Collected data entries:
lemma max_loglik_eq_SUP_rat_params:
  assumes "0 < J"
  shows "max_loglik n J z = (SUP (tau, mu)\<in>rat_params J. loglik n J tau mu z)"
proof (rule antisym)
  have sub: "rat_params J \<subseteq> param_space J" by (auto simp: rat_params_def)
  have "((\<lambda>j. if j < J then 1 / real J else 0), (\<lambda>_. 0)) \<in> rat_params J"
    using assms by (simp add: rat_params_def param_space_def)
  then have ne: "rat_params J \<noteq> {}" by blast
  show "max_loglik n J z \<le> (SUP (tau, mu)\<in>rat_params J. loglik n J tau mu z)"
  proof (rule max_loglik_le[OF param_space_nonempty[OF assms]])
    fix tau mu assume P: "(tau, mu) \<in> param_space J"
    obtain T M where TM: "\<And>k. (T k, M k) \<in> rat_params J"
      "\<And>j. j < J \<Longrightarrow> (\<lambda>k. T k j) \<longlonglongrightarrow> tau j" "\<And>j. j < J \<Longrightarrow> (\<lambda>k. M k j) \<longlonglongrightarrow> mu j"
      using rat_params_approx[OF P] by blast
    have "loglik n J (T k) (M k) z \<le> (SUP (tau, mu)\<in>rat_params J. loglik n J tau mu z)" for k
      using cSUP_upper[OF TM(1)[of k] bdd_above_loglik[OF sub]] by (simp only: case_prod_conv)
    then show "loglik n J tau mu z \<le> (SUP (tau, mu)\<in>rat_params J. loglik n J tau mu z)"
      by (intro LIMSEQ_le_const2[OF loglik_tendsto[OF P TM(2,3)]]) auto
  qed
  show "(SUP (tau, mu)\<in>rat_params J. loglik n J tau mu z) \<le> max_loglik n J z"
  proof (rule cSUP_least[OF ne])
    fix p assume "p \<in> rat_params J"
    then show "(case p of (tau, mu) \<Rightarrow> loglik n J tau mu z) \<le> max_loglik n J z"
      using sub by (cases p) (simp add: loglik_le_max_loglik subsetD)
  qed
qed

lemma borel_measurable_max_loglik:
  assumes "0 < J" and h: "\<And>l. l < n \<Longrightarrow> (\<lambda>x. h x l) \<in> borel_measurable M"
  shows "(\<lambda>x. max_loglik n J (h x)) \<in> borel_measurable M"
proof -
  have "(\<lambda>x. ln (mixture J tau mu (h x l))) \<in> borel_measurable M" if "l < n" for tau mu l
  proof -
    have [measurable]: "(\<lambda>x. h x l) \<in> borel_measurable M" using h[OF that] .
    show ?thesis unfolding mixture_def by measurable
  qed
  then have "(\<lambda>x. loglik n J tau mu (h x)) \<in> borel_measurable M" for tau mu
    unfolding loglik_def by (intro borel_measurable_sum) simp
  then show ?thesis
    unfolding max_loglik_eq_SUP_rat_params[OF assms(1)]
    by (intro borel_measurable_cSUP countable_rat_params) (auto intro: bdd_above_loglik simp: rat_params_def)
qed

* * *

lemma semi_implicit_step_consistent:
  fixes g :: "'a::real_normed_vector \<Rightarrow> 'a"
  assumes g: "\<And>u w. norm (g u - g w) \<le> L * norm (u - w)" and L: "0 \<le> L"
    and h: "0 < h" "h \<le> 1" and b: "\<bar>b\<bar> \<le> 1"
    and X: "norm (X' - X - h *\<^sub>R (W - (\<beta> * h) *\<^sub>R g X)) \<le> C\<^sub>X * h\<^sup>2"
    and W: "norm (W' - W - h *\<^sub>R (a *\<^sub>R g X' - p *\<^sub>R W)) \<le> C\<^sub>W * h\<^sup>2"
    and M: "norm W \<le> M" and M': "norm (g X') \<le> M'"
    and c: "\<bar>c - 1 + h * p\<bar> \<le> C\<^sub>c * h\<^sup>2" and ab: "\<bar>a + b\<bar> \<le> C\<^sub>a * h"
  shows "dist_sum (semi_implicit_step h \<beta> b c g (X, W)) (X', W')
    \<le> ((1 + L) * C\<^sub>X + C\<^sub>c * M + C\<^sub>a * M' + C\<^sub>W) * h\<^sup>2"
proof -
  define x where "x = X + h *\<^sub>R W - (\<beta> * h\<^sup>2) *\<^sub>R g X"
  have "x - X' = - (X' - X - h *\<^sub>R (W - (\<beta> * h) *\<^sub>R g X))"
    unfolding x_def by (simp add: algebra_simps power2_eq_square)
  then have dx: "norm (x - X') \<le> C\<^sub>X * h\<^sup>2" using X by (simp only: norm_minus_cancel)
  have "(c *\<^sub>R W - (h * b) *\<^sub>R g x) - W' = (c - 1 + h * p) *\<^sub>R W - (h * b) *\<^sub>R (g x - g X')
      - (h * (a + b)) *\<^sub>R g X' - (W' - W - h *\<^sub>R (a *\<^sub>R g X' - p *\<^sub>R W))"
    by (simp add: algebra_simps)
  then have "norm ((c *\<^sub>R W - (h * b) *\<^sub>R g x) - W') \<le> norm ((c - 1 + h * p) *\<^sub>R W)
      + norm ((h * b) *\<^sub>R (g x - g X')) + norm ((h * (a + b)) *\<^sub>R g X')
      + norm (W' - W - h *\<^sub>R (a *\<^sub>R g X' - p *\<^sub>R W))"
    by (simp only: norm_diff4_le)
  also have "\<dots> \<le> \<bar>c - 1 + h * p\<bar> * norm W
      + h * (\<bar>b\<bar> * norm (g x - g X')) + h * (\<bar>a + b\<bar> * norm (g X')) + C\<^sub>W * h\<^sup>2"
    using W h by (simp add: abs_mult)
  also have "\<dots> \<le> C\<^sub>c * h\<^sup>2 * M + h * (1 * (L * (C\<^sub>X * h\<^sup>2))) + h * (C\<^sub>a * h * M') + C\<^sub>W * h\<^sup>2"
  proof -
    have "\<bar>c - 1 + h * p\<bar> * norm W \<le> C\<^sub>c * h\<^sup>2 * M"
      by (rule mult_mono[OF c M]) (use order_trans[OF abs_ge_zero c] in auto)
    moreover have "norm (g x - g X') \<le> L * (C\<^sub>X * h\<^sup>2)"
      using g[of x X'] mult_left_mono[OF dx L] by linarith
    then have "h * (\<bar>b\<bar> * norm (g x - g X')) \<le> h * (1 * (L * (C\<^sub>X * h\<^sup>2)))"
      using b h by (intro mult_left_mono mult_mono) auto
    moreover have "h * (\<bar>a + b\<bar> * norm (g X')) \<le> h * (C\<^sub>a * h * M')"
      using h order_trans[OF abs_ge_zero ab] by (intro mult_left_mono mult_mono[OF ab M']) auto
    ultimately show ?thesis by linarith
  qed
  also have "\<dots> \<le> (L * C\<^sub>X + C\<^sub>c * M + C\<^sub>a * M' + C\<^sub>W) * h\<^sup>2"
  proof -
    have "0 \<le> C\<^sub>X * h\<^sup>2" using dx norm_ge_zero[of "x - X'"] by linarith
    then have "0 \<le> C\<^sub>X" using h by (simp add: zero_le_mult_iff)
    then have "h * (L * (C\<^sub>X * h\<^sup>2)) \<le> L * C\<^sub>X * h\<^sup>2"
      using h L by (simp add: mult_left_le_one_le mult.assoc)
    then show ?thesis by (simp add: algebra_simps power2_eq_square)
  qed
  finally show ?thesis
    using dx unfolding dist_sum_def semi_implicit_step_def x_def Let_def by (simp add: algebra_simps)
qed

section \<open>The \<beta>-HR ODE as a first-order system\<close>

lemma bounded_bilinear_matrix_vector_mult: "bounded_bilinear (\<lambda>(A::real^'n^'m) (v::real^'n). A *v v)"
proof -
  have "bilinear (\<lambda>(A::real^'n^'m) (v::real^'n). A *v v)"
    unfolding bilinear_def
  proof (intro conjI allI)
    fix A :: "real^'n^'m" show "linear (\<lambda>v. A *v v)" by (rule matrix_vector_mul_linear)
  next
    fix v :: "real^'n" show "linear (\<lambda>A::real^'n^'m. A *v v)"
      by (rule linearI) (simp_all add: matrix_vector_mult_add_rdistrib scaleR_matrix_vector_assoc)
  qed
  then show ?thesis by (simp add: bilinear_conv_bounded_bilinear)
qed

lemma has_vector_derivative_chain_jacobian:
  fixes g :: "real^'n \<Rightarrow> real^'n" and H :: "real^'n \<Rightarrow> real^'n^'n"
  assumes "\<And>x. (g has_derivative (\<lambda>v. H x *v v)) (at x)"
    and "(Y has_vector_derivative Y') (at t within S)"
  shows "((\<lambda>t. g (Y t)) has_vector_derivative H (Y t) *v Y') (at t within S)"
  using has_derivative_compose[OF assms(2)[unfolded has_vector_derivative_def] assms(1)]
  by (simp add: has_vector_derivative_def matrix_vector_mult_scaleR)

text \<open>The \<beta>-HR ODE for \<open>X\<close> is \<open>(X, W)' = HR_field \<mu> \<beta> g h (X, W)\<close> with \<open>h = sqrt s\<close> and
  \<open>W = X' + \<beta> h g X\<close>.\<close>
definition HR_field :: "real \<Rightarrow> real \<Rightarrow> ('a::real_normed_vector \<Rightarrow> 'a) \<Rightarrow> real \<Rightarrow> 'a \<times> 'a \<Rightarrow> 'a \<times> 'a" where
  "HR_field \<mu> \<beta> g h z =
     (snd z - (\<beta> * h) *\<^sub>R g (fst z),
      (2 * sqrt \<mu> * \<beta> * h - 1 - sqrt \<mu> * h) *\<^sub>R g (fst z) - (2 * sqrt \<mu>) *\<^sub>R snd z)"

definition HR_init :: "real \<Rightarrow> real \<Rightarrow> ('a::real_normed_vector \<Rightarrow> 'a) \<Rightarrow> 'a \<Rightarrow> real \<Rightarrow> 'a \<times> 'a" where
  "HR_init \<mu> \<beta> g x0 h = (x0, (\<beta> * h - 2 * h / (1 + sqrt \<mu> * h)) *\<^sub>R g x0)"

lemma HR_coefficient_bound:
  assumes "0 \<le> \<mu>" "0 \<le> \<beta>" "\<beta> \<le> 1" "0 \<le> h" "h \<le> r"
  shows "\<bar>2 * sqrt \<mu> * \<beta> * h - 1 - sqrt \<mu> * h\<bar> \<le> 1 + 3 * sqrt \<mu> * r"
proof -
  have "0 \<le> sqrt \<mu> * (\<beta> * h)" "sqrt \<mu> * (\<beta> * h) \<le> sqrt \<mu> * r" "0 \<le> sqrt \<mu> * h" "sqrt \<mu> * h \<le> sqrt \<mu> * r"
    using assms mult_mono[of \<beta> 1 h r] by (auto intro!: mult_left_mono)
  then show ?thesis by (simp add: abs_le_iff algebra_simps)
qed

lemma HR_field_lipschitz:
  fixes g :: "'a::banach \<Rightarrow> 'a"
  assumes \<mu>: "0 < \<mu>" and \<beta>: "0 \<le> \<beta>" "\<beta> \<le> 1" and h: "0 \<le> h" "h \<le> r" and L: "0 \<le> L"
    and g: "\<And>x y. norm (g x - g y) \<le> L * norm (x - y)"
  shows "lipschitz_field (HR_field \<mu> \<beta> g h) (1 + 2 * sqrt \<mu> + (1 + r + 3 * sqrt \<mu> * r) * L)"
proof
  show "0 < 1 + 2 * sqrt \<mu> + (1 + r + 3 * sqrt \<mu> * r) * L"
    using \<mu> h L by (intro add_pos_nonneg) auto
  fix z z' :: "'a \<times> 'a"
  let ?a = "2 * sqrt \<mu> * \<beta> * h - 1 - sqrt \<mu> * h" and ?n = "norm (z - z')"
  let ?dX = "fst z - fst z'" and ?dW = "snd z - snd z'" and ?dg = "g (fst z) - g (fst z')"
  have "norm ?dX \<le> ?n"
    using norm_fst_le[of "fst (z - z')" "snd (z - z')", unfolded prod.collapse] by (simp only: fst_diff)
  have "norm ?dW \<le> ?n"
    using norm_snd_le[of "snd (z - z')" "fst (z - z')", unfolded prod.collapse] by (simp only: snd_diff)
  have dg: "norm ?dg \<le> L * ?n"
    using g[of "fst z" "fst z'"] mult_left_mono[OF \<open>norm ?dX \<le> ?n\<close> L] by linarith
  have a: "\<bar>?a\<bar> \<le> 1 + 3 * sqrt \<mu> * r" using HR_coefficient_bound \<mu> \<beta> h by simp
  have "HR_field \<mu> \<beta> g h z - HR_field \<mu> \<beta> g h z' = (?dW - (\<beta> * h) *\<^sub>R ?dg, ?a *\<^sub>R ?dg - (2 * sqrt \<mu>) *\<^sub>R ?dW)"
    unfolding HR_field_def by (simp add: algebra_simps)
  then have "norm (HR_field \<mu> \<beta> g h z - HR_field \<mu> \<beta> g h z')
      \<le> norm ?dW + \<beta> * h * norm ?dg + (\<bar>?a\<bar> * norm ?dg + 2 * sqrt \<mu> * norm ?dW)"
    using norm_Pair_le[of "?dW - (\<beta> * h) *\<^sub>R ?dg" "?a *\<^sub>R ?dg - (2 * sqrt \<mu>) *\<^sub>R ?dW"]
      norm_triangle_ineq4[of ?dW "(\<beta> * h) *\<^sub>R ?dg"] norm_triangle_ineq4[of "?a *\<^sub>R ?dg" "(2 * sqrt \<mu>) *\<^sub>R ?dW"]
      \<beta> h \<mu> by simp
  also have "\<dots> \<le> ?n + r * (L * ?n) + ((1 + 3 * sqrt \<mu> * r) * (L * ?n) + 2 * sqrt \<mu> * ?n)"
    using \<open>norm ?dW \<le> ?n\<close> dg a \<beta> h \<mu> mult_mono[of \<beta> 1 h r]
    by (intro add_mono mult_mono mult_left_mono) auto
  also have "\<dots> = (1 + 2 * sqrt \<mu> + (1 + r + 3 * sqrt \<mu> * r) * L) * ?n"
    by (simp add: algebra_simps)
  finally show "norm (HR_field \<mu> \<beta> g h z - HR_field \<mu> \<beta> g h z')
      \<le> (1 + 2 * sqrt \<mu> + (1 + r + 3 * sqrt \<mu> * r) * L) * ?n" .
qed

#### WORK TO COMPLETE:
Lines containing the string "definition" are the ones to copy from the entries above.

#### COMPLETED EXERCISE:
definition HR_field :: "real \<Rightarrow> real \<Rightarrow> ('a::real_normed_vector \<Rightarrow> 'a) \<Rightarrow> real \<Rightarrow> 'a \<times> 'a \<Rightarrow> 'a \<times> 'a" where
definition HR_init :: "real \<Rightarrow> real \<Rightarrow> ('a::real_normed_vector \<Rightarrow> 'a) \<Rightarrow> 'a \<Rightarrow> real \<Rightarrow> 'a \<times> 'a" where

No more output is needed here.